Excellent analysis! I tend to think that even in systems with hard real-time responsiveness constraints, a correctly implemented generational (or similar) GC is probably sufficient. A *lot* of research has gone into this area, and there's really no reason for modern garbage collection implementations to be "stop the world"-style. Yes, the system still has to slow down a bit during asynchronous memory release, but this is less of a slow-down than one would think, especially on multi-core systems. I still would probably stick with C++ for an air-traffic control system, but the most compelling reason for that decision would be hardware integration, *not* performance.

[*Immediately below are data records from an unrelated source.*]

lemma sum_trees_Suc:
  assumes "n \<ge> 1"
  shows "(\<Sum>t'\<in>trees (Suc n). f (depth 1 t')) =
    (\<Sum>t\<in>trees n. int (depth 1 t + 1) * f (depth 1 t + 1)
                  + (2 * int n - 2 - int (depth 1 t)) * f (depth 1 t))"
proof -
  have "set (grafts (Suc n) t1) \<inter> set (grafts (Suc n) t2) = {}"
    if "t1 \<in> trees n" "t2 \<in> trees n" "t1 \<noteq> t2" for t1 t2
    using that prune_grafts[of "Suc n" t1] prune_grafts[of "Suc n" t2]
    by (auto simp: trees_def)
  then have "(\<Sum>t'\<in>trees (Suc n). f (depth 1 t')) =
      (\<Sum>t\<in>trees n. \<Sum>t'\<in>set (grafts (Suc n) t). f (depth 1 t'))"
    unfolding trees_Suc[OF assms] by (intro sum.UNION_disjoint finite_trees) auto
  also have "\<dots> = (\<Sum>t\<in>trees n. int (depth 1 t + 1) * f (depth 1 t + 1)
                  + (2 * int n - 2 - int (depth 1 t)) * f (depth 1 t))"
  proof (rule sum.cong[OF refl])
    fix t assume t: "t \<in> trees n"
    then have "Suc n \<notin> leaves t" "1 \<in> leaves t" using assms by (auto simp: trees_def)
    then show "(\<Sum>t'\<in>set (grafts (Suc n) t). f (depth 1 t')) =
        int (depth 1 t + 1) * f (depth 1 t + 1) + (2 * int n - 2 - int (depth 1 t)) * f (depth 1 t)"
      using sum_list_grafts_depth[of 1 t "Suc n" f] distinct_grafts[of "Suc n" t]
        leaf_count_trees[OF t] assms
      by (simp add: sum_list_distinct_conv_sum_set)
  qed
  finally show ?thesis .
qed

definition depth_moment :: "nat \<Rightarrow> nat \<Rightarrow> int" where
  "depth_moment p n = (\<Sum>t\<in>trees n. int (depth 1 t) ^ p)"

lemma depth_moment_Suc:
  assumes "n \<ge> 1"
  shows "depth_moment p (Suc n) =
    (\<Sum>t\<in>trees n. (int (depth 1 t) + 1) ^ Suc p
                  + (2 * int n - 2 - int (depth 1 t)) * int (depth 1 t) ^ p)"
  using sum_trees_Suc[OF assms, of "\<lambda>k. int k ^ p"]
  by (simp add: depth_moment_def add.commute)

lemma depth_moment_0_Suc:
  assumes "n \<ge> 1"
  shows "depth_moment 0 (Suc n) = (2 * int n - 1) * depth_moment 0 n"
proof -
  have "depth_moment 0 (Suc n) = (\<Sum>t\<in>trees n. 2 * int n - 1)"
    by (simp add: depth_moment_Suc[OF assms])
  then show ?thesis by (simp add: depth_moment_def mult.commute)
qed

lemma depth_moment_1_Suc:
  assumes "n \<ge> 1"
  shows "depth_moment 1 (Suc n) = 2 * int n * depth_moment 1 n + depth_moment 0 n"
proof -
  have "depth_moment 1 (Suc n) = (\<Sum>t\<in>trees n. 2 * int n * int (depth 1 t) + 1)"
    by (simp add: depth_moment_Suc[OF assms] algebra_simps power2_eq_square)
  then show ?thesis by (simp add: depth_moment_def sum.distrib sum_distrib_left)
qed

lemma depth_moment_2_Suc:
  assumes "n \<ge> 1"
  shows "depth_moment 2 (Suc n) =
    (2 * int n + 1) * depth_moment 2 n + 3 * depth_moment 1 n + depth_moment 0 n"
proof -
  have "depth_moment 2 (Suc n) =
      (\<Sum>t\<in>trees n. (2 * int n + 1) * int (depth 1 t) ^ 2 + 3 * int (depth 1 t) + 1)"
    by (simp add: depth_moment_Suc[OF assms] algebra_simps power2_eq_square power3_eq_cube)
  then show ?thesis by (simp add: depth_moment_def sum.distrib sum_distrib_left)
qed

lemma dfact_Suc_Suc: "int (dfact (m + 2)) = (int m + 2) * int (dfact m)"
  by (simp add: numeral_2_eq_2 algebra_simps)

lemma depth_moments_closed_form:
  "depth_moment 0 (m + 2) = int (dfact (2 * m + 1)) \<and>
   depth_moment 1 (m + 2) = int (dfact (2 * m + 2)) - int (dfact (2 * m + 1)) \<and>
   depth_moment 2 (m + 2) = (4 * int m + 7) * int (dfact (2 * m + 1)) - 3 * int (dfact (2 * m + 2))"
proof (induction m)
  case 0
  have "depth_moment p 1 = (if p = 0 then 1 else 0)" for p
    by (simp add: depth_moment_def trees_1 del: One_nat_def)
  then show ?case
    using depth_moment_0_Suc[of 1] depth_moment_1_Suc[of 1] depth_moment_2_Suc[of 1]
    by (simp add: numeral_2_eq_2 numeral_eq_Suc)
next
  case (Suc m)
  have "Suc m + 2 = Suc (m + 2)" "2 * Suc m + 1 = (2 * m + 1) + 2" "2 * Suc m + 2 = (2 * m + 2) + 2"
    by simp_all
  then show ?case
    using Suc.IH depth_moment_0_Suc[of "m + 2"] depth_moment_1_Suc[of "m + 2"]
      depth_moment_2_Suc[of "m + 2"] dfact_Suc_Suc[of "2 * m + 1"] dfact_Suc_Suc[of "2 * m + 2"]
    by (simp only:) (simp add: algebra_simps)
qed

lemma depth_range:
  assumes "n \<ge> 2" "t \<in> trees n"
  shows "depth 1 t \<in> {1..n-1}"
proof -
  have "1 \<in> leaves t" using assms by (auto simp: trees_def)
  then have "depth 1 t < n" using depth_less_leaf_count leaf_count_trees[OF assms(2)] by blast
  moreover have "t \<noteq> Leaf j" for j using leaf_count_trees[OF assms(2)] assms(1) by auto
  then have "depth 1 t \<ge> 1" by (cases t) auto
  ultimately show ?thesis by auto
qed

lemma sum_d_eq_depth_moment:
  assumes "n \<ge> 2"
  shows "(\<Sum>k=1..n-1. int (k ^ p * d k n)) = depth_moment p n"
proof -
  have "(\<Sum>k=1..n-1. int (k ^ p * d k n))
      = (\<Sum>k=1..n-1. \<Sum>t\<in>{t \<in> trees n. depth 1 t = k}. int (depth 1 t) ^ p)"
    by (simp add: d_def mult.commute)
  also have "\<dots> = depth_moment p n"
    unfolding depth_moment_def
    by (rule sum.group) (use finite_trees depth_range[OF assms] assms in auto)
  finally show ?thesis .
qed

theorem lemma11:
  fixes n :: nat
  assumes "n \<ge> 2"
  shows "(\<Sum>k=1..n-1. int (k^2 * d k n))
         = int (4*n - 1) * int (dfact (2*n - 3)) - 3 * int (dfact (2*n - 2))"
proof -
  obtain m where m: "n = m + 2" using assms by (metis add.commute le_Suc_ex)
  have "2*n - 3 = 2*m + 1" "2*n - 2 = 2*m + 2" "int (4*n - 1) = 4 * int m + 7" using m by auto
  then show ?thesis
    using sum_d_eq_depth_moment[OF assms, of 2] depth_moments_closed_form[of m] m by simp
qed

end
(* In the motivic Steenrod algebra (over an algebraically closed field of characteristic 0), let $P^RP^S=\sum_X\tau^{u(X)}b(X)P^{T(X)}$ be the Milnor product formula. If for a Milnor matrix $X$ one has $b(X)=1$ and $v(T(X))=v(R)+v(S)$, then $u(X)=0$.
   Context: $\mathbb{M}_2=\mathbb{F}_2[\tau]$, $\tau$ of bidegree $(0,1)$. The Milnor basis of the motivic Steenrod algebra $A$ over $\mathbb{M}_2$ consists of $P^R$ for finite sequences $R=(r_1,r_2,\dots)$ of nonnegative integers, with $P^R$ of bidegree $\big(\sum r_i(2^i-1),\sum\lfloor r_i(2^i-1)/2\rfloor\big)$. The Milnor product formula: $X=(x_{ij})_{i,j\ge0}$ ranges over matrices of nonnegative integers ($x_{00}$ ignored) with $\sum_j2^jx_{ij}=r_i$ for $i\ge1$ and $\sum_ix_{ij}=s_j$ for $j\ge1$; $T(X)=(t_1,t_2,\dots)$ with $t_n=\sum_{i+j=n}x_{ij}$; $b(X)\in\mathbb{F}_2$ is the product over $n$ of the multinomial coefficients $t_n!/\prod_{i+j=n}x_{ij}!$ mod 2; and $u(X)\ge0$ is the integer forced by homogeneity, namely $u(X)=C(P^R)+C(P^S)-C(P^{T(X)})$, where the Chow weight of an element of bidegree $(p,q)$ is $C=2q-p$. For $R=(r_1,r_2,\dots)$ with 2-adic expansions $r_i=\sum_ka_{ik}2^k$, set $v(R)=\sum_{i,k}i\,a_{ik}$. *)

theory Defs
  imports Main
begin

text \<open>Milnor sequences R = (r_1, r_2, ...) are represented as functions nat => nat;
  the value at index 0 is ignored everywhere. They are required to have finite support.\<close>

definition fin_seq :: "(nat \<Rightarrow> nat) \<Rightarrow> bool" where
  "fin_seq R \<longleftrightarrow> finite {i. 1 \<le> i \<and> R i \<noteq> 0}"

text \<open>First (topological) and second (weight) degree of P^R.\<close>
definition deg_p :: "(nat \<Rightarrow> nat) \<Rightarrow> nat" where
  "deg_p R = (\<Sum>i\<in>{i. 1 \<le> i \<and> R i \<noteq> 0}. R i * (2 ^ i - 1))"

definition deg_q :: "(nat \<Rightarrow> nat) \<Rightarrow> nat" where
  "deg_q R = (\<Sum>i\<in>{i. 1 \<le> i \<and> R i \<noteq> 0}. (R i * (2 ^ i - 1)) div 2)"

definition chow :: "(nat \<Rightarrow> nat) \<Rightarrow> int" where
  "chow R = 2 * int (deg_q R) - int (deg_p R)"
text \<open>
  The label of a step of a maximal chain depends only on the two words and on the set F of
  indices k for which a letter standing right after x_k has already been deleted. If two
  consecutive steps have different labels, a case analysis on the kinds (deletion or insertion)
  and the relative positions of the two letters involved yields a middle word giving the
  interchanged labels and leaving F unchanged after the two steps; conversely, two consecutive
  labels determine the middle word. Injectivity follows by induction on the number of inversions
  of the label sequence with respect to a < x_1 < x_2 < ...: a descent is removed by the same swap
  in both chains. For a weakly increasing label sequence, at the first step where two chains
  differ both insert the same x_k; an a-letter in front of x_k would later be deleted with a label
  below x_k, so only x-letters precede x_k, and this forces its position.
\<close>

lemma distinct_split_unique:
  assumes "distinct (u @ a # v)" and "u @ a # v = u' @ a # v'"
  shows "u = u' \<and> v = v'"
proof -
  have "distinct (u' @ a # v')"
    using assms by metis
  then have "a \<notin> set u" "a \<notin> set u'"
    using assms(1) by auto
  then have "takeWhile (\<lambda>z. z \<noteq> a) (u @ a # v) = u" "takeWhile (\<lambda>z. z \<noteq> a) (u' @ a # v') = u'"
    by (auto simp: takeWhile_tail)
  then show ?thesis using assms(2) by auto
qed

lemma distinct_remove_unique:
  assumes "distinct (u @ [a] @ v)" and "u @ [a] @ v = u' @ [a'] @ v'" and "u @ v = u' @ v'"
  shows "u = u' \<and> a = a' \<and> v = v'"
proof -
  have "distinct (u' @ [a'] @ v')"
    using assms(1,2) by metis
  then have "a \<notin> set (u @ v)" "a' \<notin> set (u' @ v')"
    using assms(1) by auto
  moreover have "insert a (set (u @ v)) = insert a' (set (u' @ v'))"
    using arg_cong[OF assms(2), of set] by auto
  ultimately have "a = a'" using assms(3) by auto
  then show ?thesis using distinct_split_unique[of u a v u' v'] assms(1,2) by simp
qed

lemma append_eq_append_Cons_cases:
  assumes "u @ v = p @ b # q"
  obtains (left) r where "u = p @ b # r" "q = r @ v"
        | (right) r where "p = u @ r" "v = r @ b # q"
proof -
  from assms obtain us where "u = p @ us \<and> us @ v = b # q \<or> u @ us = p \<and> v = us @ b # q"
    unfolding append_eq_append_conv2 by blast
  then show thesis
    by (metis Cons_eq_append_conv append_Nil2 left right)
qed

lemma append_eq_append_cases:
  assumes "u @ v = s @ t"
  obtains (left) r where "u = s @ r" "t = r @ v" "r \<noteq> []"
        | (right) r where "s = u @ r" "v = r @ t"
proof -
  from assms obtain r where "u = s @ r \<and> r @ v = t \<or> u @ r = s \<and> v = r @ t"
    unfolding append_eq_append_conv2 by blast
  then show thesis using left right by (cases "r = []") auto
qed
(* Let $a,b$ be positive integers with $a\ge b$ such that either $b\ge 2$, or $b=1$ and $a\ge 5$, and let $A=\begin{pmatrix}2&-a\\-b&2\end{pmatrix}$. Then every $\pi$-system $\Sigma\subseteq\Delta^+_{\mathrm{re}}$ of $\mathfrak g(A)$ satisfies $|\Sigma|\le 2$. If $|\Sigma|=2$, then $\Sigma=\{\beta_1^j,\beta_2^k\}$ for some $j,k\in\mathbb Z_+$; in particular $\Sigma$ is linearly independent. Conversely: (1) if $b\ge 2$, then $\{\beta_1^j,\beta_2^k\}$ is a $\pi$-system for all $j,k\in\mathbb Z_+$; (2) if $b=1$ and $a\ge 5$, then $\{\beta_1^j,\beta_2^k\}$ is a $\pi$-system if and only if $(j,k)\neq(1,0)$.
   Context: Let $\mathfrak g(A)$ be the Kac–Moody algebra of the generalized Cartan matrix $A=\begin{pmatrix}2&-a\\-b&2\end{pmatrix}$, with simple roots $\alpha_1,\alpha_2$, root system $\Delta$, set of real roots $\Delta_{\mathrm{re}}$ and positive real roots $\Delta^+_{\mathrm{re}}$. $\mathbb Z_+=\{0,1,2,\dots\}$. Define integers $c_j,d_j$ ($j\in\mathbb Z_+$) by $c_0=d_0=0$, $c_1=d_1=1$, $c_{k+2}+c_k=a\,d_{k+1}$, $d_{k+2}+d_k=b\,c_{k+1}$. For $j\in\mathbb Z_+$ set $\beta_1^j=c_j\alpha_1+d_{j+1}\alpha_2$ and $\beta_2^j=c_{j+1}\alpha_1+d_j\alpha_2$; then $\Delta^+_{\mathrm{re}}=\{\beta_1^j,\beta_2^j: j\in\mathbb Z_+\}$. A subset $\Sigma\subseteq\Delta_{\mathrm{re}}$ is called a $\pi$-system if $\alpha-\beta\notin\Delta$ for all $\alpha,\beta\in\Sigma$ (here $0\notin\Delta$). *)

theory Defs
  imports Complex_Main
begin

text \<open>Rank-2 Kac-Moody root data for A = [[2,-a],[-b,2]].
  An element m alpha_1 + n alpha_2 of the root lattice is the pair (m,n) :: int * int.\<close>

type_synonym rlat = "int \<times> int"

definition rdiff :: "rlat \<Rightarrow> rlat \<Rightarrow> rlat" where
  "rdiff x y = (fst x - fst y, snd x - snd y)"

definition rneg :: "rlat \<Rightarrow> rlat" where
  "rneg x = (- fst x, - snd x)"

text \<open>Pairings with simple coroots: alpha_j(h_i) = a_ij.\<close>
definition pair1 :: "int \<Rightarrow> int \<Rightarrow> rlat \<Rightarrow> int" where
  "pair1 a b x = 2 * fst x - a * snd x"
definition pair2 :: "int \<Rightarrow> int \<Rightarrow> rlat \<Rightarrow> int" where
  "pair2 a b x = - b * fst x + 2 * snd x"

definition refl1 :: "int \<Rightarrow> int \<Rightarrow> rlat \<Rightarrow> rlat" where
  "refl1 a b x = (fst x - pair1 a b x, snd x)"
definition refl2 :: "int \<Rightarrow> int \<Rightarrow> rlat \<Rightarrow> rlat" where
  "refl2 a b x = (fst x, snd x - pair2 a b x)"

text \<open>Weyl group orbit W . S (W generated by the simple reflections, which are involutions).\<close>
inductive_set worbit :: "int \<Rightarrow> int \<Rightarrow> rlat set \<Rightarrow> rlat set" for a b S where
  base: "x \<in> S \<Longrightarrow> x \<in> worbit a b S"
| r1: "x \<in> worbit a b S \<Longrightarrow> refl1 a b x \<in> worbit a b S"
| r2: "x \<in> worbit a b S \<Longrightarrow> refl2 a b x \<in> worbit a b S"

text \<open>Real roots: W . Pi (Kac, Prop. 5.1).\<close>
definition real_roots :: "int \<Rightarrow> int \<Rightarrow> rlat set" where
  "real_roots a b = worbit a b {(1,0), (0,1)}"

definition pos_real_roots :: "int \<Rightarrow> int \<Rightarrow> rlat set" where
  "pos_real_roots a b = {x \<in> real_roots a b. fst x \<ge> 0 \<and> snd x \<ge> 0}"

As an aside, I believe that most jet-fighter systems are built on FORTRAN or possibly ADA. C/C++ never really found its way into military hardware, and thus, still has yet to take off (no pun intended) in the civilian counterpart industry.

adelle said...

The problem with IDisposable, is how do you encapsulate an IDisposable object?

Bill said...

adelle,

What's the issue? The encapsulating class implements IDisposable and delegates to the instance member's Dispose(). There's even a pattern for this. What am I missing?

raw sausage said...

You might also want to take into account that the upcoming JVMs GC differently. They are practically throwing it into a constant low-priority subprocess, which tries to free a little from here and a little from there. The reason is that then you don't have to fall into complete GC cycle often (perhaps ever), which means you can usually allocate and guarantee that the allocation is fast.

That requires however good implementation, but I think it will be possible, especially with the present multi-core processors. It will also reduce the heap thrashing to near zero.

To comment the rest of the article: These C++ people are plain out of their fucking minds. GC... Failed? Yeah right.